Revenue for the six months ended 31 December increased 10 percent on-year to S$53.21 million on significantly higher student enrolments, with numbers in China rising 29 percent on-year, the education provider said in a filing to SGX. 

But the gains on higher enrolments were offset by reduced revenue from leasing education facilities of OUCHK, which fell by S$800,000 on-year to S$4.9 million on reduced space taken up by a few education institutions in Langfang City in China, Raffles Education said.

Finance costs rise

Finance costs climbed 65 percent on-year in the six-month period to S$11.11 million, mainly on higher interest expenses from OUCHK’s additional borrowings, default interest from Raffles K12 and Raffles Iskandar, and interest on outstanding tax liabilities of Raffles Assets Australia, the company said.

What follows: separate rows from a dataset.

section \<open>The upper bound\<close>

lemma riesz_product_expansion:
  "(\<Prod>i\<in>{0..<n}. 1 + t * x i) = (\<Sum>S\<in>Pow {0..<n}. t ^ card S * walsh S x)"
proof -
  have "(\<Prod>i\<in>{0..<n}. t * x i + 1) = (\<Sum>S\<in>Pow {0..<n}. (\<Prod>i\<in>S. t * x i) * (\<Prod>i\<in>{0..<n} - S. 1))"
    by (rule prod_add) simp
  then show ?thesis
    by (simp add: walsh_def prod.distrib add.commute)
qed

lemma riesz_product_nonneg:
  assumes "\<bar>t\<bar> \<le> 1" "x \<in> cube n"
  shows "(\<Prod>i\<in>{0..<n}. 1 + t * x i) \<ge> 0"
  using assms cube_coord[OF assms(2)] by (intro prod_nonneg) (force simp: abs_le_iff)

lemma sum_riesz_product: "(\<Sum>x\<in>cube n. \<Prod>i\<in>{0..<n}. 1 + t * x i) = 2 ^ n"
  using sum_cube_prod[where f = "\<lambda>i a. 1 + t * a"] by (simp add: lessThan_atLeast0)

lemma L1_cube_riesz_mixture_le:
  assumes "finite I" "\<And>z. z \<in> I \<Longrightarrow> \<bar>t z\<bar> \<le> 1"
  shows "L1_cube n (\<lambda>x. \<Sum>z\<in>I. \<mu> z * (\<Prod>i\<in>{0..<n}. 1 + t z * x i)) \<le> (\<Sum>z\<in>I. \<bar>\<mu> z\<bar>)"
proof -
  have "(\<Sum>x\<in>cube n. \<bar>\<Sum>z\<in>I. \<mu> z * (\<Prod>i\<in>{0..<n}. 1 + t z * x i)\<bar>)
      \<le> (\<Sum>x\<in>cube n. \<Sum>z\<in>I. \<bar>\<mu> z\<bar> * (\<Prod>i\<in>{0..<n}. 1 + t z * x i))"
    using assms(2) riesz_product_nonneg
    by (intro sum_mono order.trans[OF sum_abs] eq_refl sum.cong) (auto simp: abs_mult)
  also have "\<dots> = (\<Sum>z\<in>I. \<bar>\<mu> z\<bar> * (\<Sum>x\<in>cube n. \<Prod>i\<in>{0..<n}. 1 + t z * x i))"
    unfolding sum_distrib_left by (rule sum.swap)
  also have "\<dots> = (\<Sum>z\<in>I. \<bar>\<mu> z\<bar>) * 2 ^ n"
    by (simp add: sum_riesz_product sum_distrib_right)
  finally show ?thesis
    unfolding L1_cube_def by (simp add: divide_le_eq)
qed

lemma elem_sym_eq_sum_Pow: "elem_sym n d x = (\<Sum>S\<in>Pow {0..<n}. if card S = d then walsh S x else 0)"
proof -
  have "{S. S \<subseteq> {0..<n} \<and> card S = d} = Pow {0..<n} \<inter> {S. card S = d}"
    by auto
  then show ?thesis
    by (simp add: elem_sym_def sum.inter_restrict)
qed

lemma elem_sym_minus_riesz_mixture_high_deg:
  assumes moments: "\<And>l. l \<le> k \<Longrightarrow> (\<Sum>z\<in>I. \<mu> z * t z ^ l) = (if l = d then 1 else 0)"
  shows "(\<lambda>x. elem_sym n d x - (\<Sum>z\<in>I. \<mu> z * (\<Prod>i\<in>{0..<n}. 1 + t z * x i))) \<in> high_deg n k"
proof -
  define c where "c S = (if card S = d then 1 else 0) - (\<Sum>z\<in>I. \<mu> z * t z ^ card S)" for S :: "nat set"
  have "elem_sym n d x - (\<Sum>z\<in>I. \<mu> z * (\<Prod>i\<in>{0..<n}. 1 + t z * x i)) =
      (\<Sum>S\<in>Pow {0..<n}. c S * walsh S x)" for x
  proof -
    have "(\<Sum>z\<in>I. \<mu> z * (\<Prod>i\<in>{0..<n}. 1 + t z * x i)) =
        (\<Sum>S\<in>Pow {0..<n}. (\<Sum>z\<in>I. \<mu> z * t z ^ card S) * walsh S x)"
      unfolding riesz_product_expansion sum_distrib_left sum_distrib_right
      by (subst sum.swap) (simp add: mult.assoc)
    then show ?thesis
      unfolding elem_sym_eq_sum_Pow
      by (auto simp: c_def left_diff_distrib intro!: sum.cong simp flip: sum_subtractf)
  qed
  moreover have "c S = 0" if "card S \<le> k" for S
    using moments[OF that] by (simp add: c_def)
  ultimately show ?thesis
    unfolding high_deg_def by blast
qed

lemma INF_L1_dist_le:
  "g \<in> high_deg n k \<Longrightarrow>
    (INF h\<in>high_deg n k. L1_cube n (\<lambda>x. f x - h x)) \<le> L1_cube n (\<lambda>x. f x - g x)"
  by (rule cINF_lower) (auto intro: bdd_belowI[where m = 0] simp: L1_cube_nonneg)

lemma INF_L1_dist_le_abs_cheb_coeff:
  assumes "d \<le> K" "even (K - d)" "k \<le> Suc K"
  shows "(INF g\<in>high_deg n k. L1_cube n (\<lambda>x. elem_sym n d x - g x)) \<le> \<bar>cheb_coeff K d\<bar>"
proof -
  obtain I :: "(bool \<times> nat) set" and t \<mu> where I: "finite I" "\<And>z. \<bar>t z\<bar> \<le> 1"
    "\<And>l. l \<le> Suc K \<Longrightarrow> (\<Sum>z\<in>I. \<mu> z * t z ^ l) = (if l = d then 1 else 0)"
    "(\<Sum>z\<in>I. \<bar>\<mu> z\<bar>) = \<bar>cheb_coeff K d\<bar>"
    using cheb_signed_measure[OF assms(1,2)] by blast
  define g where "g x = elem_sym n d x - (\<Sum>z\<in>I. \<mu> z * (\<Prod>i\<in>{0..<n}. 1 + t z * x i))" for x
  have "g \<in> high_deg n k"
    unfolding g_def using assms(3) I(3) by (intro elem_sym_minus_riesz_mixture_high_deg) simp
  then have "(INF g\<in>high_deg n k. L1_cube n (\<lambda>x. elem_sym n d x - g x)) \<le>
      L1_cube n (\<lambda>x. \<Sum>z\<in>I. \<mu> z * (\<Prod>i\<in>{0..<n}. 1 + t z * x i))"
    using INF_L1_dist_le[of g n k "elem_sym n d"] by (simp add: g_def)
  also have "\<dots> \<le> \<bar>cheb_coeff K d\<bar>"
    using L1_cube_riesz_mixture_le[of I t n \<mu>] I by simp
  finally show ?thesis .
qed

lemma cheb_coeff_tilde_eq_cheb_coeff:
  assumes "d \<le> k"
  obtains K where "d \<le> K" "even (K - d)" "K \<le> k" "k \<le> Suc K"
    "cheb_coeff_tilde k d = cheb_coeff K d"
proof
  define K where "K = (if even (k - d) then k else k - 1)"
  show "d \<le> K" "even (K - d)" "K \<le> k" "k \<le> Suc K"
    using assms unfolding K_def by presburger+
  show "cheb_coeff_tilde k d = cheb_coeff K d"
    by (simp add: K_def cheb_coeff_tilde_def)
qed

theorem corollary1p5:
  fixes k d :: nat
  assumes "d \<le> k"
  shows "\<exists>\<epsilon> :: nat \<Rightarrow> real.
    (\<forall>n\<ge>k. \<epsilon> n > 0 \<and>
       \<bar>cheb_coeff_tilde k d\<bar> - \<epsilon> n
         \<le> (INF g\<in>high_deg n k. L1_cube n (\<lambda>x. elem_sym n d x - g x)) \<and>
       (INF g\<in>high_deg n k. L1_cube n (\<lambda>x. elem_sym n d x - g x)) \<le> \<bar>cheb_coeff_tilde k d\<bar>)
    \<and> \<epsilon> \<longlonglongrightarrow> 0"
proof -
  obtain K where K: "d \<le> K" "even (K - d)" "K \<le> k" "k \<le> Suc K"
    and tilde: "cheb_coeff_tilde k d = cheb_coeff K d"
    using cheb_coeff_tilde_eq_cheb_coeff[OF assms] by blast
  define \<epsilon> where "\<epsilon> n = \<bar>cheb_coeff K d\<bar> - \<bar>cheb_mean_corr n K d\<bar> + inverse (real (Suc n))" for n
  have "\<epsilon> \<longlonglongrightarrow> \<bar>cheb_coeff K d\<bar> - \<bar>cheb_coeff K d\<bar> + 0"
    unfolding \<epsilon>_def by (intro tendsto_intros cheb_mean_corr_tendsto K(1) LIMSEQ_inverse_real_of_nat)
  moreover have "\<epsilon> n > 0 \<and>
      \<bar>cheb_coeff K d\<bar> - \<epsilon> n \<le> (INF g\<in>high_deg n k. L1_cube n (\<lambda>x. elem_sym n d x - g x)) \<and>
      (INF g\<in>high_deg n k. L1_cube n (\<lambda>x. elem_sym n d x - g x)) \<le> \<bar>cheb_coeff K d\<bar>" for n
  proof -
    have "inverse (real (Suc n)) > 0"
      by simp
    then show ?thesis
      using abs_cheb_mean_corr_le_INF_L1_dist[OF K(3), of n d]
        INF_L1_dist_le_abs_cheb_coeff[OF K(1,2,4), of n]
      unfolding \<epsilon>_def by linarith
  qed
  ultimately show ?thesis
    unfolding tilde by auto
qed

end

Other operating expenses increased 33 percent on-year in the fiscal first half to S$19.94 million, the filing said. The increase was partly on lower costs in the year-earlier period as some schools, colleges and universities postponed their new semester or conducting online teaching due to the Covid-19 pandemic, the filing said. 

In addition, Raffles Education said it had higher marketing, registration and examination fee expenses as student numbers increased. 


Raffles Education issued a cautious outlook.

“The uncertainty brought about by Covid-19 pandemic with the lockdown and restricted border movements in all the locations we operate in is continuing to impact our recruitment and retention of foreign students from January 2020 till date and will continue to have impact on the group,” Raffles Education said.

No dividend was declared, unchanged on year, with the group citing the Covid-19 pandemic and being prudent.